*What is being asked*:
State the number of lines in the following data that include the word "abbreviation", with no other text.

[[ Data under study, beginning ]]

lemma coset_eq_if_outer_class_eq:
  assumes c: "outV_pair b a" and c': "outV_pair b' a'"
    and eq: "outer_class G (alpha b a) = outer_class G (alpha b' a')"
  shows "ZK #> b = ZK #> b'"
proof -
  have au: "alpha b a \<in> auto G" and au': "alpha b' a' \<in> auto G"
    using is_alpha_alpha[OF c] is_alpha_alpha[OF c'] by (auto simp: is_alpha_def)
  have bN: "b \<in> normalizer H K" using c by (simp add: outV_pair_def)
  have b: "b \<in> carrier H" and b': "b' \<in> carrier H"
    using c c' normalizer_carrier by (auto simp: outV_pair_def)
  have "alpha b' a' \<in> outer_class G (alpha b a)" using HNN.outer_class_self[OF au'] eq by simp
  then obtain g where g: "g \<in> carrier G" "alpha b' a' = compose (carrier G) (alpha b a) (conj_aut G g)"
    using HNN.outer_class_conj_aut[OF au] by auto
  define d where "d = alpha b a g"
  have dc: "d \<in> carrier G" using HNN.auto_carrier[OF au g(1)] by (simp add: d_def)
  have act: "alpha b' a' x = inv\<^bsub>G\<^esub> d \<otimes>\<^bsub>G\<^esub> alpha b a x \<otimes>\<^bsub>G\<^esub> d" if "x \<in> carrier G" for x
    using HNN.compose_conj_aut[OF au g(1) that] g(2) by (simp add: d_def)
  obtain z where z: "z \<in> center H" "d = inc (inv b \<otimes> z \<otimes> b')"
    using conj_between_alphas_in_H[OF c c' dc act[OF hnn_inc_carrier]] by blast
  have zc: "z \<in> carrier H" using center_carrier[OF z(1)] .
  have "inv b \<otimes> z \<otimes> b' \<in> K"
    using conj_between_alphas_in_K[OF c c' _ act[OF hnn_t_carrier, unfolded z(2)]] b b' zc by simp
  hence "inv z \<otimes> (b \<otimes> (inv b \<otimes> z \<otimes> b') \<otimes> inv b) \<in> ZK"
    by (rule ZK_memI[OF center_inv[OF z(1)] normalizer_conj(1)[OF K_subset bN]])
  moreover have "b' = inv z \<otimes> (b \<otimes> (inv b \<otimes> z \<otimes> b') \<otimes> inv b) \<otimes> b" using b b' zc by (simp add: m_assoc)
  ultimately have "b' \<in> ZK #> b" unfolding r_coset_def by blast
  thus ?thesis using repr_independence[OF _ b subgroup_center_set_mult[OF K_sub]] by blast
qed

lemma untwist_centralizer:
  assumes c: "outV_pair (z \<otimes> k) a" and z: "z \<in> center H" and k: "k \<in> K"
  shows "k \<otimes> a \<otimes> inv (\<phi> k) \<in> centralizer H (\<phi> ` K)"
proof -
  have zc: "z \<in> carrier H" and kc: "k \<in> carrier H" using center_carrier[OF z] K_carrier[OF k] by auto
  have a: "a \<in> carrier H" and C: "z \<otimes> k \<otimes> a \<otimes> inv (\<phi> (z \<otimes> k)) \<in> centralizer H (\<phi> ` K)"
    using c by (auto simp: outV_pair_def)
  have "k \<otimes> a \<otimes> inv (\<phi> k) = inv z \<otimes> (z \<otimes> k \<otimes> a \<otimes> inv (\<phi> (z \<otimes> k))) \<otimes> \<phi> z"
    using zc kc a phi_closed by (simp add: phi_mult m_assoc inv_mult_group)
  also have "\<dots> \<in> centralizer H (\<phi> ` K)"
    by (rule centralizer_mult[OF centralizer_mult[OF center_centralizer[OF center_inv[OF z] phi_K_subset] C phi_K_subset]
          center_centralizer[OF phi_center[OF z] phi_K_subset] phi_K_subset])
  finally show ?thesis .
qed

lemma compose_alpha_conj_aut_K:
  assumes c: "outV_pair (z \<otimes> k) a" and z: "z \<in> center H" and k: "k \<in> K"
    and a'': "a'' = k \<otimes> a \<otimes> inv (\<phi> k)"
  shows "compose (carrier G) (alpha \<one> a'') (conj_aut G (inc k)) = alpha (z \<otimes> k) a"
proof (rule is_alpha_unique[OF _ is_alpha_alpha[OF c]])
  have zc: "z \<in> carrier H" and kc: "k \<in> carrier H" using center_carrier[OF z] K_carrier[OF k] by auto
  have a: "a \<in> carrier H" using c by (simp add: outV_pair_def)
  have pk: "\<phi> k \<in> carrier H" and a''c: "a'' \<in> carrier H" using phi_closed[OF kc] kc a a'' by auto
  note S'' = is_alpha_alpha[OF outV_pair_one[OF untwist_centralizer[OF c z k, folded a'']]]
  have au'': "alpha \<one> a'' \<in> auto G" using S'' by (simp add: is_alpha_def)
  have ikc: "inc k \<in> carrier G" using hnn_inc_carrier[OF kc] .
  have ah: "alpha \<one> a'' (inc h) = inc h" if "h \<in> carrier H" for h
    using S'' that by (simp add: is_alpha_def conjH_def)
  show "is_alpha (conjH H (z \<otimes> k)) a (compose (carrier G) (alpha \<one> a'') (conj_aut G (inc k)))"
    unfolding is_alpha_def
  proof (intro conjI ballI)
    show "compose (carrier G) (alpha \<one> a'') (conj_aut G (inc k)) \<in> auto G"
      by (rule HNN.compose_auto[OF au'' HNN.conj_aut_auto[OF ikc]])
    fix h assume h: "h \<in> carrier H"
    have "h \<otimes> z = z \<otimes> h" using center_commute[OF z h] by simp
    hence "inv z \<otimes> (h \<otimes> (z \<otimes> k)) = h \<otimes> k" using zc kc h by (simp add: m_assoc[symmetric])
    hence "conjH H (z \<otimes> k) h = inv k \<otimes> h \<otimes> k"
      using zc kc h by (simp add: conjH_def inv_mult_group m_assoc)
    thus "compose (carrier G) (alpha \<one> a'') (conj_aut G (inc k)) (inc h) = inc (conjH H (z \<otimes> k) h)"
      using HNN.compose_conj_aut[OF au'' ikc hnn_inc_carrier[OF h]] ah[OF kc] ah[OF h] h kc
      by (simp add: hnn_inc_inv hnn_inc_mult)
  next
    have "t \<otimes>\<^bsub>G\<^esub> inc k \<otimes>\<^bsub>G\<^esub> inv\<^bsub>G\<^esub> t \<otimes>\<^bsub>G\<^esub> t = inc (\<phi> k) \<otimes>\<^bsub>G\<^esub> t" using hnn_t_conj[OF k] by simp
    hence tk: "t \<otimes>\<^bsub>G\<^esub> inc k = inc (\<phi> k) \<otimes>\<^bsub>G\<^esub> t" using hnn_t_carrier ikc by (simp add: HNN.m_assoc)
    have "compose (carrier G) (alpha \<one> a'') (conj_aut G (inc k)) t = inv\<^bsub>G\<^esub> (inc k) \<otimes>\<^bsub>G\<^esub> (inc a'' \<otimes>\<^bsub>G\<^esub> t) \<otimes>\<^bsub>G\<^esub> inc k"
      using HNN.compose_conj_aut[OF au'' ikc hnn_t_carrier] ah[OF kc] S'' by (simp add: is_alpha_def)
    also have "\<dots> = inv\<^bsub>G\<^esub> (inc k) \<otimes>\<^bsub>G\<^esub> inc a'' \<otimes>\<^bsub>G\<^esub> (t \<otimes>\<^bsub>G\<^esub> inc k)"
      using ikc hnn_inc_carrier[OF a''c] hnn_t_carrier by (simp add: HNN.m_assoc)
    also have "\<dots> = inc (inv k \<otimes> a'' \<otimes> \<phi> k) \<otimes>\<^bsub>G\<^esub> t"
      using tk kc a''c pk hnn_inc_carrier hnn_t_carrier by (simp add: HNN.m_assoc[symmetric] hnn_inc_inv hnn_inc_mult)
    also have "inv k \<otimes> a'' \<otimes> \<phi> k = a" using kc a pk by (simp add: a'' m_assoc)
    finally show "compose (carrier G) (alpha \<one> a'') (conj_aut G (inc k)) t = inc a \<otimes>\<^bsub>G\<^esub> t" .
  qed
qed

lemma outer_class_alpha_trivial_coset: assumes c: "outV_pair b a" and bZ: "b \<in> ZK"
  shows "\<exists>a''. a'' \<in> centralizer H (\<phi> ` K) \<and> outer_class G (alpha b a) = outer_class G (hnn_alpha H K \<phi> (\<lambda>h. h) a'')"
proof -
  obtain z k where zk: "z \<in> center H" "k \<in> K" "b = z \<otimes> k" using bZ unfolding ZK_mem by blast
  define a'' where "a'' = k \<otimes> a \<otimes> inv (\<phi> k)"
  have c': "outV_pair (z \<otimes> k) a" using c zk(3) by simp
  have a''C: "a'' \<in> centralizer H (\<phi> ` K)" unfolding a''_def by (rule untwist_centralizer[OF c' zk(1,2)])
  have au'': "alpha \<one> a'' \<in> auto G" using is_alpha_alpha[OF outV_pair_one[OF a''C]] by (simp add: is_alpha_def)
  have "outer_class G (alpha b a) = outer_class G (alpha \<one> a'')"
    using HNN.outer_class_compose_conj_aut[OF au'' hnn_inc_carrier[OF K_carrier[OF zk(2)]]]
      compose_alpha_conj_aut_K[OF c' zk(1,2) a''_def] zk(3) by simp
  thus ?thesis using a''C by (auto simp: alpha_def hnn_alpha_conjH_one)
qed

lemma ZK_coset_mult: assumes b1: "b1 \<in> normalizer H K" and b2: "b2 \<in> normalizer H K"
  shows "(ZK #> b1) <#> (ZK #> b2) = ZK #> (b1 \<otimes> b2)"
proof -
  have b1c: "b1 \<in> carrier H" and b2c: "b2 \<in> carrier H" using b1 b2 normalizer_carrier by auto
  have ZKc: "ZK \<subseteq> carrier H" using subgroup_center_set_mult[OF K_sub] subgroup.subset by blast
  have conjZK: "b1 \<otimes> x \<otimes> inv b1 \<in> ZK" if x: "x \<in> ZK" for x
  proof -
    obtain z k where zk: "z \<in> center H" "k \<in> K" "x = z \<otimes> k" using x unfolding ZK_mem by blast
    have zc: "z \<in> carrier H" and kc: "k \<in> carrier H" using center_carrier[OF zk(1)] subsetD[OF K_subset zk(2)] by auto
    have "b1 \<otimes> z = z \<otimes> b1" using center_commute[OF zk(1) b1c] by simp
    hence "b1 \<otimes> x \<otimes> inv b1 = z \<otimes> (b1 \<otimes> k \<otimes> inv b1)"
      using zk(3) zc kc b1c by (simp add: m_assoc[symmetric])
    thus ?thesis using ZK_memI[OF zk(1) normalizer_conj(1)[OF K_subset b1 zk(2)]] by simp
  qed
  show ?thesis
  proof
    show "(ZK #> b1) <#> (ZK #> b2) \<subseteq> ZK #> (b1 \<otimes> b2)"
    proof
      fix y assume "y \<in> (ZK #> b1) <#> (ZK #> b2)"
      then obtain x1 x2 where x: "x1 \<in> ZK" "x2 \<in> ZK" "y = (x1 \<otimes> b1) \<otimes> (x2 \<otimes> b2)"
        unfolding set_mult_def r_coset_def by blast
      have c: "x1 \<in> carrier H" "x2 \<in> carrier H" using x ZKc by auto
      have "y = (x1 \<otimes> (b1 \<otimes> x2 \<otimes> inv b1)) \<otimes> (b1 \<otimes> b2)" using x(3) c b1c b2c by (simp add: m_assoc)
      moreover have "x1 \<otimes> (b1 \<otimes> x2 \<otimes> inv b1) \<in> ZK" using subgroup.m_closed[OF subgroup_center_set_mult[OF K_sub] x(1) conjZK[OF x(2)]] .
      ultimately show "y \<in> ZK #> (b1 \<otimes> b2)" unfolding r_coset_def by blast
    qed
  next
    show "ZK #> (b1 \<otimes> b2) \<subseteq> (ZK #> b1) <#> (ZK #> b2)"
    proof
      fix y assume "y \<in> ZK #> (b1 \<otimes> b2)"
      then obtain x where x: "x \<in> ZK" "y = x \<otimes> (b1 \<otimes> b2)" unfolding r_coset_def by blast
      have xc: "x \<in> carrier H" using x ZKc by auto
      have "y = (x \<otimes> b1) \<otimes> (\<one> \<otimes> b2)" using x(2) xc b1c b2c by (simp add: m_assoc)
      moreover have "\<one> \<in> ZK" using subgroup.one_closed[OF subgroup_center_set_mult[OF K_sub]] .
      ultimately show "y \<in> (ZK #> b1) <#> (ZK #> b2)" using x(1) unfolding set_mult_def r_coset_def by blast
    qed
  qed
qed

abbreviation "OutV_group \<equiv> (OutL G)\<lparr>carrier := OutV H K \<phi>\<rparr>"
abbreviation "N_mod_ZK \<equiv> (H\<lparr>carrier := normalizer H K\<rparr>) Mod ZK"

definition "chi A = (SOME C. \<exists>b a. outV_pair b a \<and> A = outer_class G (alpha b a) \<and> C = ZK #> b)"

lemma chi_outer_class_alpha: assumes c: "outV_pair b a" shows "chi (outer_class G (alpha b a)) = ZK #> b"
proof -
  have "\<exists>b' a'. outV_pair b' a' \<and> outer_class G (alpha b a) = outer_class G (alpha b' a') \<and> chi (outer_class G (alpha b a)) = ZK #> b'"
    unfolding chi_def by (rule someI_ex) (use c in blast)
  then obtain b' a' where "outV_pair b' a'" "outer_class G (alpha b a) = outer_class G (alpha b' a')"
    "chi (outer_class G (alpha b a)) = ZK #> b'" by blast
  thus ?thesis using coset_eq_if_outer_class_eq[OF c] by simp
qed

lemma OutV_eq: "OutV H K \<phi> = {outer_class G (alpha b a) | b a. outV_pair b a}"
  by (simp add: OutV_def outV_pair_def alpha_def)

lemma carrier_N_mod_ZK: "carrier N_mod_ZK = {ZK #> b | b. b \<in> normalizer H K}"
  by (auto simp: FactGroup_def RCOSETS_def r_coset_def)

lemma chi_hom: "chi \<in> hom OutV_group N_mod_ZK"
proof (rule homI)
  fix A assume "A \<in> carrier OutV_group"
  then obtain b a where "outV_pair b a" "A = outer_class G (alpha b a)" by (auto simp: OutV_eq)
  thus "chi A \<in> carrier N_mod_ZK" using chi_outer_class_alpha carrier_N_mod_ZK by (auto simp: outV_pair_def)
next
  fix A B assume "A \<in> carrier OutV_group" "B \<in> carrier OutV_group"
  then obtain b1 a1 b2 a2 where c: "outV_pair b1 a1" "A = outer_class G (alpha b1 a1)"
      "outV_pair b2 a2" "B = outer_class G (alpha b2 a2)"
    by (auto simp: OutV_eq)
  have "alpha b1 a1 \<in> auto G" "alpha b2 a2 \<in> auto G"
    using is_alpha_alpha[OF c(1)] is_alpha_alpha[OF c(3)] by (auto simp: is_alpha_def)
  hence "A \<otimes>\<^bsub>OutV_group\<^esub> B = outer_class G (alpha (b1 \<otimes> b2) (conjH H b2 a1 \<otimes> a2))"
    using c HNN.outer_class_mult compose_alpha[OF c(1) c(3)] by (simp add: OutL_def FactGroup_def)
  hence "chi (A \<otimes>\<^bsub>OutV_group\<^esub> B) = ZK #> (b1 \<otimes> b2)"
    using chi_outer_class_alpha[OF outV_pair_mult[OF c(1) c(3)]] by simp
  also have "\<dots> = (ZK #> b1) <#> (ZK #> b2)"
    using ZK_coset_mult c(1,3) by (simp add: outV_pair_def)
  finally show "chi (A \<otimes>\<^bsub>OutV_group\<^esub> B) = chi A \<otimes>\<^bsub>N_mod_ZK\<^esub> chi B"
    using c chi_outer_class_alpha by (simp add: FactGroup_def set_mult_def)
qed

[[ Data under study, end ]]

*Written response*:
2